lemma omp_step_new_support_index:
  assumes l: "l \<in> {1..k}"
    and correct: "idx ` {1..l - 1} \<subseteq> {j. x $ j \<noteq> 0}"
    and incomplete: "\<not> {j. x $ j \<noteq> 0} \<subseteq> idx ` {1..l - 1}"
  shows "idx l \<in> {j. x $ j \<noteq> 0} - idx ` {1..l - 1}"
proof -
  define z where "z = x - xs (l - 1)"
  have residual: "D *v x + w - D *v xs (l - 1) = D *v z + w"
    by (simp add: z_def matrix_vector_mult_diff_distrib)
  have "supported_on (idx ` {1..l - 1}) (xs (l - 1))"
    by (rule omp_run_supported[OF run]) (use l in auto)
  then have z_supp: "supported_on {j. x $ j \<noteq> 0} z"
    using correct by (auto simp: supported_on_def z_def)
  obtain j0 where j0: "j0 \<in> {j. x $ j \<noteq> 0}" "j0 \<notin> idx ` {1..l - 1}"
    using incomplete by auto
  then have "z $ j0 = x $ j0"
    using \<open>supported_on (idx ` {1..l - 1}) (xs (l - 1))\<close> by (simp add: z_def supported_on_def)
  then have "xm \<le> \<bar>z $ j0\<bar>" using xm_le j0 by simp
  moreover have "\<forall>i. \<bar>column i D \<bullet> (D *v z + w)\<bar> \<le> \<bar>column (idx l) D \<bullet> (D *v z + w)\<bar>"
    using omp_run_greedy[OF run l] unfolding residual .
  ultimately have chosen: "idx l \<in> {j. x $ j \<noteq> 0} \<and> column (idx l) D \<bullet> (D *v z + w) \<noteq> 0"
    by (rule greedy_choice_in_support[OF z_supp sparse j0(1) _ xm_pos noise margin])
  have "idx l \<notin> idx ` {1..l - 1}"
  proof
    assume "idx l \<in> idx ` {1..l - 1}"
    then have "column (idx l) D \<bullet> (D *v x + w - D *v xs (l - 1)) = 0"
      using l by (intro omp_run_orthogonal[OF run]) auto
    then show False using chosen unfolding residual by simp
  qed
  with chosen show ?thesis by blast
qed

lemma omp_support_invariant:
  assumes "l \<le> k"
  shows "(idx ` {1..l} \<subseteq> {j. x $ j \<noteq> 0} \<and> card (idx ` {1..l}) = l)
         \<or> {j. x $ j \<noteq> 0} \<subseteq> idx ` {1..l}"
  using assms
proof (induction l)
  case (Suc l)
  have step: "idx ` {1..Suc l} = insert (idx (Suc l)) (idx ` {1..l})"
    by (simp add: atLeastAtMostSuc_conv)
  show ?case
  proof (cases "{j. x $ j \<noteq> 0} \<subseteq> idx ` {1..l}")
    case False
    with Suc have correct: "idx ` {1..l} \<subseteq> {j. x $ j \<noteq> 0}" and
      card: "card (idx ` {1..l}) = l" by auto
    have "idx (Suc l) \<in> {j. x $ j \<noteq> 0} - idx ` {1..l}"
      using omp_step_new_support_index[of "Suc l"] Suc.prems False correct by simp
    then show ?thesis using correct card unfolding step by simp
  next
    case True
    then show ?thesis unfolding step by (simp add: subset_insertI2)
  qed
qed simp

lemma omp_recovers_support: "{j. x $ j \<noteq> 0} \<subseteq> idx ` {1..k}"
  using omp_support_invariant[of k]
proof
  assume "idx ` {1..k} \<subseteq> {j. x $ j \<noteq> 0} \<and> card (idx ` {1..k}) = k"
  then have "idx ` {1..k} = {j. x $ j \<noteq> 0}"
    using sparse by (intro card_seteq) auto
  then show ?thesis by simp
qed simp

§ EXERCISE:
Retype the portion of the data above that starts on the line with "using incomplete by auto" and finishes on the line with "i D \<bullet>", including both of those lines.

§ SOLUTION TO THIS EXERCISE:
    using incomplete by auto
  then have "z $ j0 = x $ j0"
    using \<open>supported_on (idx ` {1..l - 1}) (xs (l - 1))\<close> by (simp add: z_def supported_on_def)
  then have "xm \<le> \<bar>z $ j0\<bar>" using xm_le j0 by simp
  moreover have "\<forall>i. \<bar>column i D \<bullet> (D *v z + w)\<bar> \<le> \<bar>column (idx l) D \<bullet> (D *v z + w)\<bar>"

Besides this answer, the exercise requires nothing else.